Our approach is informed by feminist standpoint theory and we argue that the political tussle over what evidence is considered to be relevant for policy formation should be informed by knowledge relevant to those in subordinate positions of power (who form the focus of and are impacted by particular policies). When it comes to policy, feminist theorists and practitioners draw attention to the importance of anticipating and applying a feminist understanding to both policy formation and its outcomes by using multiple levels of analysis, such as individual, collective and structural, as well as analysing differential impacts across intersecting axis including gender, race, sexuality, ability, and religion among others. Using different levels of analysis is necessary to ensure that we achieve better politically informed and context-specific understandings of policy ‘problems’ and proposed ‘solutions’. We argue that this type of analysis is important because it has the potential to reveal additional layers of complexity that may otherwise be overlooked.
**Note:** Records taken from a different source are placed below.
lemma ptrans_0_eq:
  "x \<in> basis_idx d \<Longrightarrow> y \<in> basis_idx d \<Longrightarrow>
    ptrans {0} \<rho> x y = reduced_pt0 (split_party0 x) (split_party0 y)"
  by (simp add: ptrans_eq occupation_eq reduced_pt0_def split_party0_def)

lemma reduced_pt0_block_pair:
  "reduced_pt0 (j, add_mset j r) (i, add_mset i r) =
    complex_of_real (g (add_mset i (add_mset j r)))"
  by (simp add: reduced_pt0_def add_mset_commute)

definition fiber_sum :: "(basis_label \<Rightarrow> complex) \<Rightarrow> nat \<times> nat multiset \<Rightarrow> complex" where
  "fiber_sum v a = (\<Sum>x\<in>{x \<in> basis_idx d. split_party0 x = a}. v x)"

lemma quad_form_ptrans_0:
  "quad_form d (ptrans {0} \<rho>) v = (\<Sum>(a, b)\<in>split_labels d \<times> split_labels d.
    cnj (fiber_sum v a) * reduced_pt0 a b * fiber_sum v b)"
proof -
  have "quad_form d (ptrans {0} \<rho>) v = (\<Sum>x\<in>basis_idx d. \<Sum>y\<in>basis_idx d.
      cnj (v x) * reduced_pt0 (split_party0 x) (split_party0 y) * v y)"
    unfolding quad_form_def by (intro sum.cong refl) (simp add: ptrans_0_eq)
  also have "\<dots> = (\<Sum>a\<in>split_labels d. \<Sum>b\<in>split_labels d.
      cnj (fiber_sum v a) * reduced_pt0 a b * fiber_sum v b)"
    unfolding fiber_sum_def using split_party0_in_split_labels
    by (intro quadratic_sum_group image_subsetI)
      (simp_all add: split_labels_def finite_multisets_of_size)
  finally show ?thesis
    by (simp add: sum.cartesian_product)
qed

definition block_form :: "nat multiset \<Rightarrow> (nat \<Rightarrow> complex) \<Rightarrow> complex" where
  "block_form r c =
    (\<Sum>j\<in>{0..<d}. \<Sum>i\<in>{0..<d}. cnj (c j) * complex_of_real (g (add_mset i (add_mset j r))) * c i)"

lemma block_form_eq_quad_form_ptrans_01:
  assumes "r \<in> multisets_of_size {0..<d} 2"
  obtains u where "block_form r c = quad_form d (ptrans {0, 1} \<rho>) u"
proof -
  obtain s r' where "r = add_mset s r'" "size r' = 1"
    using assms by (cases r) (auto simp: multisets_of_size_def)
  then obtain t where r: "r = {#s, t#}"
    using size_1_singleton_mset by blast
  then have st: "s < d" "t < d"
    using assms by (auto simp: multisets_of_size_def)
  let ?e = "paired_basis s t"
  define u where "u x = (if x \<in> ?e ` {0..<d} then c (x 1) else 0)" for x
  have restrict: "(\<Sum>x\<in>basis_idx d. f x) = (\<Sum>i\<in>{0..<d}. f (?e i))"
    if "\<And>x. x \<notin> ?e ` {0..<d} \<Longrightarrow> f x = 0" for f :: "basis_label \<Rightarrow> complex"
  proof -
    have "(\<Sum>x\<in>basis_idx d. f x) = (\<Sum>x\<in>?e ` {0..<d}. f x)"
      using paired_basis_in_basis_idx[OF st] that by (intro sum.mono_neutral_right) auto
    then show ?thesis
      by (simp add: sum.reindex inj_on_subset[OF inj_paired_basis])
  qed
  have u: "u (?e i) = c i" if "i < d" for i
    using that by (auto simp: u_def paired_basis_def)
  have entry: "ptrans {0, 1} \<rho> (?e j) (?e i) = complex_of_real (g (add_mset i (add_mset j r)))"
    if "i < d" "j < d" for i j
    unfolding ptrans_eq[OF paired_basis_in_basis_idx[OF st that(2)]
        paired_basis_in_basis_idx[OF st that(1)]]
    by (simp add: occupation_eq paired_basis_def r add_mset_commute)
  have "quad_form d (ptrans {0, 1} \<rho>) u =
      (\<Sum>j\<in>{0..<d}. \<Sum>i\<in>{0..<d}. cnj (u (?e j)) * ptrans {0, 1} \<rho> (?e j) (?e i) * u (?e i))"
    unfolding quad_form_def by (simp add: restrict u_def)
  also have "\<dots> = block_form r c"
    unfolding block_form_def
  proof (intro sum.cong refl)
    fix j i assume "j \<in> {0..<d}" "i \<in> {0..<d}"
    then show "cnj (u (?e j)) * ptrans {0, 1} \<rho> (?e j) (?e i) * u (?e i) =
        cnj (c j) * complex_of_real (g (add_mset i (add_mset j r))) * c i"
      using u[of i] u[of j] entry[of i j] by simp
  qed
  finally show ?thesis
    by (rule that[OF sym])
qed

lemma quad_form_ptrans_0_decomposition:
  "quad_form d (ptrans {0} \<rho>) v =
    (\<Sum>(a, b)\<in>split_labels d \<times> split_labels d - block_pairs d.
      cnj (fiber_sum v a) * reduced_pt0 a b * fiber_sum v b) +
    (\<Sum>r\<in>multisets_of_size {0..<d} 2. block_form r (\<lambda>j. fiber_sum v (j, add_mset j r)))"
proof -
  let ?R = "multisets_of_size {0..<d} 2"
  define F where "F = (\<lambda>(a, b). cnj (fiber_sum v a) * reduced_pt0 a b * fiber_sum v b)"
  have "quad_form d (ptrans {0} \<rho>) v =
      (\<Sum>p\<in>split_labels d \<times> split_labels d - block_pairs d. F p) + (\<Sum>p\<in>block_pairs d. F p)"
    unfolding quad_form_ptrans_0 F_def using block_pairs_subset
    by (intro sum.subset_diff) (auto simp: split_labels_def finite_multisets_of_size)
  also have "(\<Sum>p\<in>block_pairs d. F p) = (\<Sum>(r, j, i)\<in>?R \<times> {0..<d} \<times> {0..<d}. F (block_pair r j i))"
    unfolding block_pairs_def sum.reindex[OF inj_on_block_pair] by (intro sum.cong) auto
  also have "\<dots> = (\<Sum>r\<in>?R. block_form r (\<lambda>j. fiber_sum v (j, add_mset j r)))"
    by (simp add: sum.cartesian_product[symmetric] block_form_def F_def block_pair_def
        reduced_pt0_block_pair)
  finally show ?thesis
    by (simp add: F_def)
qed

lemma psd_ptrans_0_if_psd_ptrans_01:
  assumes psd_2_2: "psd d (ptrans {0, 1} \<rho>)"
  shows "psd d (ptrans {0} \<rho>)"
  unfolding psd_iff_quad_form
proof
  fix v
  define F where "F = (\<lambda>(a, b). cnj (fiber_sum v a) * reduced_pt0 a b * fiber_sum v b)"
  have off_blocks: "Im (F p) = 0 \<and> 0 \<le> Re (F p)"
    if off: "p \<in> split_labels d \<times> split_labels d - block_pairs d" for p
  proof -
    obtain j m i n where p: "p = ((j, m), (i, n))"
      by (metis prod.collapse)
    consider "reduced_pt0 (j, m) (i, n) = 0"
      | "j = i" "m = n" "reduced_pt0 (j, m) (i, n) = complex_of_real (g (add_mset i m))"
      using off eq_if_not_in_block_pairs[of j m d i n] unfolding p
      by (cases "add_mset i m = add_mset j n") (auto simp: reduced_pt0_def)
    then show ?thesis
    proof cases
      case 2
      then have "F p = complex_of_real (g (add_mset i m) * (cmod (fiber_sum v (i, n)))\<^sup>2)"
        unfolding F_def p by (simp only: prod.case cnj_mult_of_real_mult_self)
      then show ?thesis
        by (simp add: g_nonneg)
    qed (simp add: F_def p)
  qed
  have on_blocks: "Im (block_form r c) = 0 \<and> 0 \<le> Re (block_form r c)"
    if "r \<in> multisets_of_size {0..<d} 2" for r c
    using block_form_eq_quad_form_ptrans_01[OF that] psd_2_2 unfolding psd_iff_quad_form by metis
  show "Im (quad_form d (ptrans {0} \<rho>) v) = 0 \<and> 0 \<le> Re (quad_form d (ptrans {0} \<rho>) v)"
    unfolding quad_form_ptrans_0_decomposition F_def[symmetric] using off_blocks on_blocks
    by (auto intro!: add_nonneg_nonneg sum_nonneg)
qed

end

theorem lemma4:
  fixes d :: nat and \<rho> :: "(nat \<Rightarrow> nat) \<Rightarrow> (nat \<Rightarrow> nat) \<Rightarrow> complex"
  assumes "d \<ge> 2"
    and "diag_sym_state d \<rho>"
    and "psd d (ptrans {0, 1} \<rho>)"
  shows "\<forall>S. S \<subseteq> {0..<4} \<and> S \<noteq> {} \<and> S \<noteq> {0..<4} \<longrightarrow> psd d (ptrans S \<rho>)"
proof -
  obtain g where "occupation_diagonal d g \<rho>"
    using diag_sym_state_occupation_form[OF assms(2)] by (metis occupation_diagonal.intro)
  then interpret occupation_diagonal d g \<rho> .
  have "psd d (ptrans {0} \<rho>)"
    using psd_ptrans_0_if_psd_ptrans_01[OF assms(3)] .
  then show ?thesis
    using psd_ptrans_all_bipartitions[OF rho_comp_permutes _ assms(3)] by blast
qed

end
In order to show the importance of contextualised evidence and advocacy, we use a case study of interpersonal violence measurement tool the Conflict Tactics Scale (CTS). We argue that the evidence-based policy approach, even when considered as principle or ideal, frames the policy-making process as ‘objective’, and in doing so ignores the gendered contexts in which knowledge is produced, used and translated into policy and implementation.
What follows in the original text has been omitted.